(Beginning of Extracted records)
(* Let $\mathcal{X}$ be finite, let $U=(U_n)_{n\ge1}$ be a channel sequence with $U_n:\mathcal{X}^n\rightsquigarrow\mathcal{Y}_n$ ($\mathcal{Y}_n$ countable), let $f_n:\mathcal{Y}_n\to\mathcal{Z}_n$ be functions, and let $V=(V_n)$ with $V_n=f_n(U_n):\mathcal{X}^n\rightsquigarrow\mathcal{Z}_n$. Let $\Phi_n=\log_2\max_{z\in\mathcal{Z}_n}|f_n^{-1}(z)|$ and suppose $\Phi_n/n\to0$. Then $\mathbf{C}(U)=\mathbf{C}(V)$. If, furthermore, at least one of $\mathbf{I}(U)$, $\mathbf{I}(V)$ exists, then both exist and $\mathbf{I}(U)=\mathbf{I}(V)$. Moreover, $U$ is strictly information stable if and only if $V$ is strictly information stable.
   Context: A channel $W:\mathcal{A}\rightsquigarrow\mathcal{B}$ is a family of probability distributions $W(\cdot|a)$ on $\mathcal{B}$; for a function $f:\mathcal{B}\to\mathcal{C}$, $f(W):\mathcal{A}\rightsquigarrow\mathcal{C}$ is the channel $f(W)(c|a)=\sum_{b\in f^{-1}(c)}W(b|a)$. For a distribution $p$: $p\circ W(a,b)=p(a)W(b|a)$, $p\bullet W(b)=\sum_a p\circ W(a,b)$; $\mathbf{i}(W,p,a,b)=\log_2\frac{W(b|a)}{p\bullet W(b)}$ if $W(b|a)>0$ and $p\bullet W(b)>0$, else $0$; $\mathbf{I}(W,p)=\mathbb{E}_{p\circ W}[\mathbf{i}]$, $\mathbf{I}(W)=\max_p\mathbf{I}(W,p)$. For a channel sequence $V$, $\mathbf{I}(V)=\lim_n\mathbf{I}(V_n)/n$ when the limit exists. A $(W,M,\varepsilon)$-coding scheme: $M$ distinct inputs $x_1,\dots,x_M$ and disjoint output sets $\mathcal{R}_1,\dots,\mathcal{R}_M$ with $\sum_{y\notin\mathcal{R}_i}W(y|x_i)\le\varepsilon$ for all $i$. $R\ge0$ is achievable if for each $\varepsilon>0$ there is $n_0$ with a $(V_n,\lceil2^{nR}\rceil,\varepsilon)$-coding scheme for all $n\ge n_0$; $\mathbf{C}(V)$ is the supremum of achievable rates. $V$ is strictly information stable if $\mathbf{I}(V)$ exists and there are distributions $p^*_n$ on $\mathcal{X}^n$ with $\lim_n\Pr_{p^*_n\circ V_n}\big[|\mathbf{i}(V_n,p^*_n,x,y)/n-\mathbf{I}(V)|>\delta\big]=0$ for every $\delta>0$. *)

theory Defs
  imports "HOL-Analysis.Analysis"
begin

text \<open>Channels W : A ~> B are represented as functions W :: 'a => 'b => real,
  W a b = W(b|a), together with an explicit input set A and output set B.\<close>

definition is_channel :: "('a \<Rightarrow> 'b \<Rightarrow> real) \<Rightarrow> 'a set \<Rightarrow> 'b set \<Rightarrow> bool" where
  "is_channel W A B \<longleftrightarrow> countable B \<and>
     (\<forall>a\<in>A. (\<forall>b. 0 \<le> W a b) \<and> (\<forall>b. b \<notin> B \<longrightarrow> W a b = 0) \<and> (W a has_sum 1) B)"

definition image_channel :: "('b \<Rightarrow> 'c) \<Rightarrow> 'b set \<Rightarrow> ('a \<Rightarrow> 'b \<Rightarrow> real) \<Rightarrow> 'a \<Rightarrow> 'c \<Rightarrow> real" where
  "image_channel f B W a c = (\<Sum>\<^sub>\<infinity>b\<in>{b\<in>B. f b = c}. W a b)"

definition is_dist :: "('a \<Rightarrow> real) \<Rightarrow> 'a set \<Rightarrow> bool" where
  "is_dist p A \<longleftrightarrow> (\<forall>a\<in>A. 0 \<le> p a) \<and> sum p A = 1"

definition out_dist :: "('a \<Rightarrow> 'b \<Rightarrow> real) \<Rightarrow> ('a \<Rightarrow> real) \<Rightarrow> 'a set \<Rightarrow> 'b \<Rightarrow> real" where
  "out_dist W p A b = (\<Sum>a\<in>A. p a * W a b)"

definition info_dens :: "('a \<Rightarrow> 'b \<Rightarrow> real) \<Rightarrow> ('a \<Rightarrow> real) \<Rightarrow> 'a set \<Rightarrow> 'a \<Rightarrow> 'b \<Rightarrow> real" where
  "info_dens W p A a b =
     (if W a b > 0 \<and> out_dist W p A b > 0 then log 2 (W a b / out_dist W p A b) else 0)"

definition mutual_info :: "('a \<Rightarrow> 'b \<Rightarrow> real) \<Rightarrow> ('a \<Rightarrow> real) \<Rightarrow> 'a set \<Rightarrow> 'b set \<Rightarrow> real" where
  "mutual_info W p A B = (\<Sum>\<^sub>\<infinity>(a,b)\<in>A \<times> B. p a * W a b * info_dens W p A a b)"

text \<open>I(W) = max over input distributions (written as Sup; the max is attained).\<close>
definition max_info :: "('a \<Rightarrow> 'b \<Rightarrow> real) \<Rightarrow> 'a set \<Rightarrow> 'b set \<Rightarrow> real" where
  "max_info W A B = Sup {mutual_info W p A B | p. is_dist p A}"

definition inputs :: "nat \<Rightarrow> 'x list set" where
  "inputs n = {xs. length xs = n}"

definition info_rate_exists :: "(nat \<Rightarrow> 'x list \<Rightarrow> 'b \<Rightarrow> real) \<Rightarrow> (nat \<Rightarrow> 'b set) \<Rightarrow> bool" where
  "info_rate_exists V B \<longleftrightarrow> convergent (\<lambda>n. max_info (V n) (inputs n) (B n) / real n)"

definition info_rate :: "(nat \<Rightarrow> 'x list \<Rightarrow> 'b \<Rightarrow> real) \<Rightarrow> (nat \<Rightarrow> 'b set) \<Rightarrow> real" where
  "info_rate V B = lim (\<lambda>n. max_info (V n) (inputs n) (B n) / real n)"

definition coding_scheme :: "('a \<Rightarrow> 'b \<Rightarrow> real) \<Rightarrow> 'a set \<Rightarrow> 'b set \<Rightarrow> nat \<Rightarrow> real \<Rightarrow> bool" where
  "coding_scheme W A B M \<epsilon> \<longleftrightarrow> (\<exists>(x :: nat \<Rightarrow> 'a) (R :: nat \<Rightarrow> 'b set).
      inj_on x {..<M} \<and> (\<forall>i<M. x i \<in> A \<and> R i \<subseteq> B) \<and> disjoint_family_on R {..<M} \<and>
      (\<forall>i<M. (\<Sum>\<^sub>\<infinity>y\<in>B - R i. W (x i) y) \<le> \<epsilon>))"

definition achievable :: "(nat \<Rightarrow> 'x list \<Rightarrow> 'b \<Rightarrow> real) \<Rightarrow> (nat \<Rightarrow> 'b set) \<Rightarrow> real \<Rightarrow> bool" where
  "achievable V B R \<longleftrightarrow> 0 \<le> R \<and> (\<forall>\<epsilon>>0. \<exists>n0. \<forall>n\<ge>n0.
      coding_scheme (V n) (inputs n) (B n) (nat \<lceil>2 powr (real n * R)\<rceil>) \<epsilon>)"

definition capacity :: "(nat \<Rightarrow> 'x list \<Rightarrow> 'b \<Rightarrow> real) \<Rightarrow> (nat \<Rightarrow> 'b set) \<Rightarrow> real" where
  "capacity V B = Sup {R. achievable V B R}"

definition strictly_info_stable :: "(nat \<Rightarrow> 'x list \<Rightarrow> 'b \<Rightarrow> real) \<Rightarrow> (nat \<Rightarrow> 'b set) \<Rightarrow> bool" where
  "strictly_info_stable V B \<longleftrightarrow> info_rate_exists V B \<and>
     (\<exists>p :: nat \<Rightarrow> 'x list \<Rightarrow> real. (\<forall>n. is_dist (p n) (inputs n)) \<and>
        (\<forall>\<delta>>0. (\<lambda>n. \<Sum>\<^sub>\<infinity>(x,y)\<in>{(x,y)\<in>inputs n \<times> B n.
              \<bar>info_dens (V n) (p n) (inputs n) x y / real n - info_rate V B\<bar> > \<delta>}.
              p n x * V n x y) \<longlonglongrightarrow> 0))"

definition Phi :: "('b \<Rightarrow> 'c) \<Rightarrow> 'b set \<Rightarrow> real" where
  "Phi f B = log 2 (real (Max ((\<lambda>z. card {y\<in>B. f y = z}) ` (f ` B))))"

end

theory Submission
  imports Defs
begin

(*
  Merging outputs along the fibres of f_n changes little because every fibre has at most
  K_n = 2^Phi_n elements and Phi_n = o(n). For a pair (x, y) of positive probability,
    i_U(x, y) - i_V(x, f y) = log (U(y|x) / V(f y|x)) - log (P_U(y) / P_V(f y)),
  where P_U, P_V are the output distributions and both logarithms are nonpositive.
  Averaged, this difference is the information lost by merging: it is nonnegative (log-sum
  inequality) and at most log K_n (the entropy of a single fibre), so I(U_n) and I(V_n)
  differ by at most Phi_n and the information rates agree. Pointwise, a gap larger than t
  forces y to carry less than a 2^-t share of its fibre under P_U or under U(.|x), which
  has probability at most 2 K_n 2^-t; so the normalised densities of U and V agree in
  probability and strict information stability transfers in both directions.
  A code for V pulls back to a code for U with the same error. Conversely, the images of
  the decoding sets of a code for U cover every output at most K_n times; colouring the
  codewords with T colours, discarding the heavily confused half and keeping the largest
  colour class gives a code for V with a 1/(2T) fraction of the codewords and extra error
  4 K_n / T, a rate loss that vanishes because K_n = 2^o(n).
*)

section \<open>Infinite sums over subsets\<close>

lemma has_sum_sum:
  fixes g :: "'i \<Rightarrow> 'a \<Rightarrow> 'b::topological_comm_monoid_add"
  assumes "finite I" and "\<And>i. i \<in> I \<Longrightarrow> (g i has_sum s i) S"
  shows "((\<lambda>y. \<Sum>i\<in>I. g i y) has_sum (\<Sum>i\<in>I. s i)) S"
  using assms by (induction I rule: finite_induct) (auto intro: has_sum_add)

lemma has_sum_diff:
  fixes f g :: "'a \<Rightarrow> 'b::topological_ab_group_add"
  assumes "(f has_sum a) A" and "(g has_sum b) A"
  shows "((\<lambda>x. f x - g x) has_sum (a - b)) A"
proof -
  have "((\<lambda>x. - g x) has_sum - b) A"
    using assms(2) by (simp add: has_sum_uminus)
  from has_sum_add[OF assms(1) this] show ?thesis by simp
qed

lemma has_sum_sum_fibres:
  fixes g :: "'a \<Rightarrow> 'b::{comm_monoid_add, uniform_space, uniform_topological_group_add}"
  assumes "(g has_sum s) S" and "\<And>z. finite {x\<in>S. h x = z}"
  shows "((\<lambda>z. sum g {x\<in>S. h x = z}) has_sum s) (h ` S)"
proof -
  have "bij_betw (\<lambda>x. (h x, x)) S (Sigma (h ` S) (\<lambda>z. {x\<in>S. h x = z}))"
    by (auto simp: bij_betw_def inj_on_def image_iff)
  then have "((\<lambda>q. g (snd q)) has_sum s) (Sigma (h ` S) (\<lambda>z. {x\<in>S. h x = z}))"
    using has_sum_reindex_bij_betw[of "\<lambda>x. (h x, x)" S _ "\<lambda>q. g (snd q)"] assms(1) by simp
  then show ?thesis
    by (rule has_sum_Sigma') (use assms(2) in \<open>auto intro: has_sum_finiteI\<close>)
qed

lemma has_sum_restrict:
  fixes g :: "'a \<Rightarrow> 'b::banach"
  assumes "g summable_on Z" and "S \<subseteq> Z"
  shows "((\<lambda>z. if z \<in> S then g z else 0) has_sum infsum g S) Z"
proof -
  have "(g has_sum infsum g S) S"
    using summable_on_subset_banach[OF assms] by simp
  then show ?thesis
    by (rule has_sum_cong_neutral[THEN iffD1, rotated -1]) (use assms(2) in auto)
qed

lemma has_sum_multiplicity:
  fixes g :: "'a \<Rightarrow> real"
  assumes "g summable_on Z" and "finite J" and "\<And>j. j \<in> J \<Longrightarrow> S j \<subseteq> Z"
  shows "((\<lambda>z. real (card {j\<in>J. z \<in> S j}) * g z) has_sum (\<Sum>j\<in>J. infsum g (S j))) Z"
proof -
  have "((\<lambda>z. \<Sum>j\<in>J. if z \<in> S j then g z else 0) has_sum (\<Sum>j\<in>J. infsum g (S j))) Z"
    using assms by (intro has_sum_sum has_sum_restrict) auto
  moreover have "(\<Sum>j\<in>J. if z \<in> S j then g z else 0) = real (card {j\<in>J. z \<in> S j}) * g z" for z
    using assms(2) by (simp add: sum.If_cases Int_def)
  ultimately show ?thesis by simp
qed

lemma infsum_le_sum_infsum_cover:
  fixes g :: "'a \<Rightarrow> real"
  assumes "g summable_on Z" and "\<And>z. z \<in> Z \<Longrightarrow> 0 \<le> g z"
    and "finite J" and "\<And>j. j \<in> J \<Longrightarrow> S j \<subseteq> Z" and "T \<subseteq> (\<Union>j\<in>J. S j)"
  shows "infsum g T \<le> (\<Sum>j\<in>J. infsum g (S j))"
proof (rule has_sum_mono[OF has_sum_restrict has_sum_multiplicity])
  show "T \<subseteq> Z" using assms(4,5) by blast
  fix z assume "z \<in> Z"
  moreover have "1 \<le> real (card {j\<in>J. z \<in> S j})" if "z \<in> T"
    using that assms(3,5) by (auto simp: Suc_le_eq card_gt_0_iff)
  ultimately show "(if z \<in> T then g z else 0) \<le> real (card {j\<in>J. z \<in> S j}) * g z"
    using assms(2) mult_right_mono[of 1 "real (card {j\<in>J. z \<in> S j})" "g z"] by auto
qed (use assms in auto)

lemma infsum_le_infsum_Un:
  fixes g :: "'a \<Rightarrow> real"
  assumes "g summable_on Z" and "\<And>z. z \<in> Z \<Longrightarrow> 0 \<le> g z"
    and "S1 \<subseteq> Z" and "S2 \<subseteq> Z" and "T \<subseteq> S1 \<union> S2"
  shows "infsum g T \<le> infsum g S1 + infsum g S2"
proof -
  have "infsum g T \<le> (\<Sum>b\<in>UNIV. infsum g (if b then S1 else S2))"
    by (rule infsum_le_sum_infsum_cover[OF assms(1,2)]) (use assms(3-5) in auto)
  then show ?thesis by (simp add: UNIV_bool add.commute)
qed

lemma sum_infsum_le_overlap:
  fixes g :: "'a \<Rightarrow> real"
  assumes "g summable_on Z" and "\<And>z. z \<in> Z \<Longrightarrow> 0 \<le> g z"
    and "finite J" and "\<And>j. j \<in> J \<Longrightarrow> S j \<subseteq> Z" and "\<And>z. card {j\<in>J. z \<in> S j} \<le> K"
  shows "(\<Sum>j\<in>J. infsum g (S j)) \<le> K * infsum g Z"
  by (rule has_sum_mono[OF has_sum_multiplicity has_sum_cmult_right[OF has_sum_infsum]])
     (use assms in \<open>auto intro: mult_right_mono\<close>)

lemma Collect_mem_Times_fst_snd: "{(x, y)\<in>A \<times> B. Q x y} = {s\<in>A \<times> B. Q (fst s) (snd s)}"
  by auto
(End of Extracted records)
From the records above, copy out the line with "set \<Rightarrow> ('a", the line with "p A \<longleftrightarrow>", and every line between them, word for word.

definition image_channel :: "('b \<Rightarrow> 'c) \<Rightarrow> 'b set \<Rightarrow> ('a \<Rightarrow> 'b \<Rightarrow> real) \<Rightarrow> 'a \<Rightarrow> 'c \<Rightarrow> real" where
  "image_channel f B W a c = (\<Sum>\<^sub>\<infinity>b\<in>{b\<in>B. f b = c}. W a b)"

definition is_dist :: "('a \<Rightarrow> real) \<Rightarrow> 'a set \<Rightarrow> bool" where
  "is_dist p A \<longleftrightarrow> (\<forall>a\<in>A. 0 \<le> p a) \<and> sum p A = 1"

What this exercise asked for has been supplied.